Following its award wins, the nursery plans to offer professional development opportunities to other settings. A recipe book based on its menus and a children’s book about the nursery cat are in the works. Other than that, the focus is on consolidation of good practice and the focus on health.

‘Everyone always asks if we are going to open another setting or expand, but we really don’t have to,’ Sophia says. ‘We’ve got to a stage where it’s really manageable, we’ve got a brilliant team, and we don’t often lose staff because they don’t feel under pressure. That’s a great place to be.’

Staff wellbeing

The nursery has a strong focus on ensuring staff’s mental and emotional wellbeing, with the management team having trained as mental health first-aiders to help support the 32 members of staff.

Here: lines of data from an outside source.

(* Let $a(x),b(x),m(x)\in R_n=\mathbb{F}_2[x]/\langle x^n-1\rangle$ with $b(x)=m(x)a(x)$ in $R_n$. If the generalized bicycle code defined by $a(x)$ and $b(x)$ has dimension larger than zero, then its minimum distance is at most $\mathrm{wt}(m(x))+1$.
   Context: Elements of $R_n$ are identified with binary vectors of length $n$ via their representative of degree $<n$; $\mathrm{wt}$ is the number of nonzero coefficients. The generalized bicycle (GB) code defined by $a(x),b(x)$ is the CSS code on $2n$ qubits, vectors of $\mathbb{F}_2^{2n}$ written as pairs $(u(x),v(x))$, with $C_2=\{(c(x)a(x),c(x)b(x)):c\in R_n\}$ (X-stabilizers), $C_1=\{(u,v):u(x)b(x)+v(x)a(x)=0\text{ in }R_n\}$, $C_2'=\{(c(x)b(x^{-1}),c(x)a(x^{-1})):c\in R_n\}$ (Z-stabilizers), $C_1'=\{(u,v):u(x)a(x^{-1})+v(x)b(x^{-1})=0\}$, where $x^{-1}=x^{n-1}$. Its dimension is $\dim C_1-\dim C_2$ and its minimum distance is $\min\{\min_{w\in C_1\setminus C_2}\mathrm{wt}(w),\ \min_{w\in C_1'\setminus C_2'}\mathrm{wt}(w)\}$. *)

theory Defs
  imports "HOL-Library.Z2" "HOL-Library.Product_Plus" "HOL-Computational_Algebra.Polynomial"
begin

text \<open>R_n = F_2[x]/(x^n - 1); elements are represented by their unique
  representative polynomial of degree < n over F_2 (type bit).\<close>

definition xn1 :: "nat \<Rightarrow> bit poly" where
  "xn1 n = monom 1 n - 1"

definition Rn :: "nat \<Rightarrow> bit poly set" where
  "Rn n = {p. p mod xn1 n = p}"

definition mulR :: "nat \<Rightarrow> bit poly \<Rightarrow> bit poly \<Rightarrow> bit poly" where
  "mulR n p q = (p * q) mod xn1 n"

text \<open>p(x^{-1}) with x^{-1} = x^{n-1}, for a representative p of degree < n.\<close>
definition conjR :: "nat \<Rightarrow> bit poly \<Rightarrow> bit poly" where
  "conjR n p = (\<Sum>i<n. monom (coeff p i) ((n - i) mod n))"

definition wt :: "bit poly \<Rightarrow> nat" where
  "wt p = card {i. coeff p i \<noteq> 0}"

definition pwt :: "bit poly \<times> bit poly \<Rightarrow> nat" where
  "pwt w = wt (fst w) + wt (snd w)"

definition GB_C2 :: "nat \<Rightarrow> bit poly \<Rightarrow> bit poly \<Rightarrow> (bit poly \<times> bit poly) set" where
  "GB_C2 n a b = {(mulR n c a, mulR n c b) | c. c \<in> Rn n}"

definition GB_C1 :: "nat \<Rightarrow> bit poly \<Rightarrow> bit poly \<Rightarrow> (bit poly \<times> bit poly) set" where
  "GB_C1 n a b = {(u, v). u \<in> Rn n \<and> v \<in> Rn n \<and> mulR n u b + mulR n v a = 0}"

definition GB_C2' :: "nat \<Rightarrow> bit poly \<Rightarrow> bit poly \<Rightarrow> (bit poly \<times> bit poly) set" where
  "GB_C2' n a b = {(mulR n c (conjR n b), mulR n c (conjR n a)) | c. c \<in> Rn n}"

definition GB_C1' :: "nat \<Rightarrow> bit poly \<Rightarrow> bit poly \<Rightarrow> (bit poly \<times> bit poly) set" where
  "GB_C1' n a b = {(u, v). u \<in> Rn n \<and> v \<in> Rn n \<and>
      mulR n u (conjR n a) + mulR n v (conjR n b) = 0}"

definition f2span :: "(bit poly \<times> bit poly) set \<Rightarrow> (bit poly \<times> bit poly) set" where
  "f2span B = {sum (\<lambda>x. x) T | T. T \<subseteq> B \<and> finite T}"

definition f2dim :: "(bit poly \<times> bit poly) set \<Rightarrow> nat" where
  "f2dim S = (LEAST k. \<exists>B. finite B \<and> card B = k \<and> B \<subseteq> S \<and> f2span B = S)"

definition GB_dim :: "nat \<Rightarrow> bit poly \<Rightarrow> bit poly \<Rightarrow> int" where
  "GB_dim n a b = int (f2dim (GB_C1 n a b)) - int (f2dim (GB_C2 n a b))"

definition GB_dist :: "nat \<Rightarrow> bit poly \<Rightarrow> bit poly \<Rightarrow> nat" where
  "GB_dist n a b = Min ({pwt w | w. w \<in> GB_C1 n a b - GB_C2 n a b}
                       \<union> {pwt w | w. w \<in> GB_C1' n a b - GB_C2' n a b})"

end

theory Submission
  imports Defs
begin

text \<open>The pair (1, m) lies in C1, since b = m a and the characteristic is 2, and it has weight
  wt m + 1. It is not a stabilizer: (1, m) = (c a, c b) would make a a unit of R_n, and over a unit
  a every solution of u b + v a = 0 is (u c) \<cdot> (a, b), so C1 = C2 and the code would have
  dimension zero.\<close>

lemma bit_poly_uminus [simp]: "- (p :: bit poly) = p"
  by (rule poly_eqI) simp

lemma bit_poly_add_self: "(p :: bit poly) + p = 0"
  by (metis add.right_inverse bit_poly_uminus)

lemma bit_poly_add_eq_0_iff: "(p :: bit poly) + q = 0 \<longleftrightarrow> p = q"
  by (metis add_eq_0_iff bit_poly_uminus)

lemma degree_xn1: "0 < n \<Longrightarrow> degree (xn1 n) = n"
  unfolding xn1_def diff_conv_add_uminus
  by (simp add: degree_add_eq_left degree_monom_eq)

lemma Rn_iff_degree_less:
  assumes "0 < n" shows "p \<in> Rn n \<longleftrightarrow> degree p < n"
proof -
  have "xn1 n \<noteq> 0"
    using degree_xn1[OF assms] assms by auto
  then show ?thesis
    unfolding Rn_def using degree_mod_less'[of "xn1 n" p] mod_poly_less[of p "xn1 n"]
    by (cases "p = 0") (auto simp: degree_xn1[OF assms] assms)
qed

lemma one_in_Rn: "0 < n \<Longrightarrow> 1 \<in> Rn n"
  by (simp add: Rn_iff_degree_less)

lemma mulR_in_Rn: "mulR n p q \<in> Rn n"
  by (simp add: Rn_def mulR_def)

lemma mulR_commute: "mulR n p q = mulR n q p"
  by (simp add: mulR_def mult.commute)

lemma mulR_assoc: "mulR n (mulR n p q) r = mulR n p (mulR n q r)"
  by (simp add: mulR_def mod_mult_left_eq mod_mult_right_eq mult.assoc)

lemma mulR_one: "p \<in> Rn n \<Longrightarrow> mulR n p 1 = p"
  by (simp add: mulR_def Rn_def)

lemma one_mulR: "p \<in> Rn n \<Longrightarrow> mulR n 1 p = p"
  by (simp add: mulR_def Rn_def)

lemma mulR_left_commute: "mulR n p (mulR n q r) = mulR n q (mulR n p r)"
  by (metis mulR_assoc mulR_commute)

lemma wt_one: "wt 1 = 1"
proof -
  have "{i. coeff (1 :: bit poly) i \<noteq> 0} = {0}"
    by (auto simp: coeff_1)
  then show ?thesis
    by (simp add: wt_def)
qed

lemma wt_le: assumes "0 < n" and "p \<in> Rn n" shows "wt p \<le> n"
proof -
  have "{i. coeff p i \<noteq> 0} \<subseteq> {..<n}"
    using assms le_degree by (fastforce simp: Rn_iff_degree_less)
  then show ?thesis
    unfolding wt_def by (metis card_lessThan card_mono finite_lessThan)
qed

lemma GB_C2_subset_C1: "GB_C2 n a b \<subseteq> GB_C1 n a b"
proof
  fix w assume "w \<in> GB_C2 n a b"
  then obtain d where w: "w = (mulR n d a, mulR n d b)"
    by (auto simp: GB_C2_def)
  have "mulR n (mulR n d a) b = mulR n (mulR n d b) a"
    by (simp add: mulR_assoc mulR_commute[of n a b])
  then show "w \<in> GB_C1 n a b"
    by (simp add: w GB_C1_def mulR_in_Rn bit_poly_add_self)
qed

lemma GB_C1_subset_C2_if_unit:
  assumes unit: "mulR n c a = 1"
  shows "GB_C1 n a b \<subseteq> GB_C2 n a b"
proof
  fix w assume "w \<in> GB_C1 n a b"
  then obtain u v where w: "w = (u, v)" and u: "u \<in> Rn n" and v: "v \<in> Rn n"
    and syndrome: "mulR n u b = mulR n v a"
    by (auto simp: GB_C1_def bit_poly_add_eq_0_iff)
  have "mulR n (mulR n u c) b = mulR n c (mulR n u b)"
    by (simp add: mulR_assoc mulR_left_commute[of n u c])
  also have "\<dots> = mulR n v (mulR n c a)"
    by (simp add: syndrome mulR_left_commute[of n c v])
  also have "\<dots> = v"
    by (simp add: unit mulR_one v)
  finally have "mulR n (mulR n u c) b = v" .
  moreover have "mulR n (mulR n u c) a = u"
    by (simp add: unit mulR_assoc mulR_one u)
  ultimately show "w \<in> GB_C2 n a b"
    unfolding GB_C2_def using w mulR_in_Rn[of n u c] by force
qed

lemma GB_dist_le:
  assumes "0 < n" and "w \<in> GB_C1 n a b - GB_C2 n a b"
  shows "GB_dist n a b \<le> pwt w"
proof -
  let ?S = "{pwt w | w. w \<in> GB_C1 n a b - GB_C2 n a b}
          \<union> {pwt w | w. w \<in> GB_C1' n a b - GB_C2' n a b}"
  have "pwt (u, v) \<le> 2 * n" if "u \<in> Rn n" "v \<in> Rn n" for u v
    using wt_le[OF \<open>0 < n\<close>, of u] wt_le[OF \<open>0 < n\<close>, of v] that by (simp add: pwt_def)
  then have "?S \<subseteq> {..2 * n}"
    by (fastforce simp: GB_C1_def GB_C1'_def)
  then have "finite ?S"
    by (rule finite_subset) simp
  then show ?thesis
    unfolding GB_dist_def using assms(2) by (blast intro: Min_le)
qed

theorem lemma1:
  fixes n :: nat and a b m :: "bit poly"
  assumes "n > 0"
    and "a \<in> Rn n" and "b \<in> Rn n" and "m \<in> Rn n"
    and "b = mulR n m a"
    and "GB_dim n a b > 0"
  shows "GB_dist n a b \<le> wt m + 1"
proof -
  have "mulR n 1 b = mulR n m a"
    using assms(3,5) by (simp add: one_mulR)
  then have in_C1: "(1, m) \<in> GB_C1 n a b"
    using assms(1,4) by (simp add: GB_C1_def bit_poly_add_eq_0_iff one_in_Rn mulR_in_Rn)
  have not_in_C2: "(1, m) \<notin> GB_C2 n a b"
  proof
    assume "(1, m) \<in> GB_C2 n a b"
    then obtain c where "mulR n c a = 1"
      by (auto simp: GB_C2_def)
    then have "GB_C1 n a b = GB_C2 n a b"
      using GB_C1_subset_C2_if_unit GB_C2_subset_C1 by blast
    then show False
      using assms(6) by (simp add: GB_dim_def)
  qed
  have "GB_dist n a b \<le> pwt (1, m)"
    using GB_dist_le assms(1) in_C1 not_in_C2 by blast
  then show ?thesis
    by (simp add: pwt_def wt_one)
qed

end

‘We feel a real responsibility having a team of predominantly young women, who stereotypically are more affected by mental health issues,’ Sophia Colvill says. ‘We want to support them each and every day.’

Staff Star Moments are awarded to members of the team who have gone above and beyond in their practice. Colleagues nominate staff to be recognised with a gift and a display in the staff room explaining the reason for their award.

A wellbeing station in the staff room provides practitioners with resources including calming balms, scents and oils, adult colouring books, self-help books, podcast recommendations and a well-being scrapbook for sharing feelings anonymously. Healthy breakfast options are also available and flower displays are regularly replenished. An outdoor staff eating area has been set up, and the bike and buggy park has been revamped to encourage staff to walk or cycle to nursery.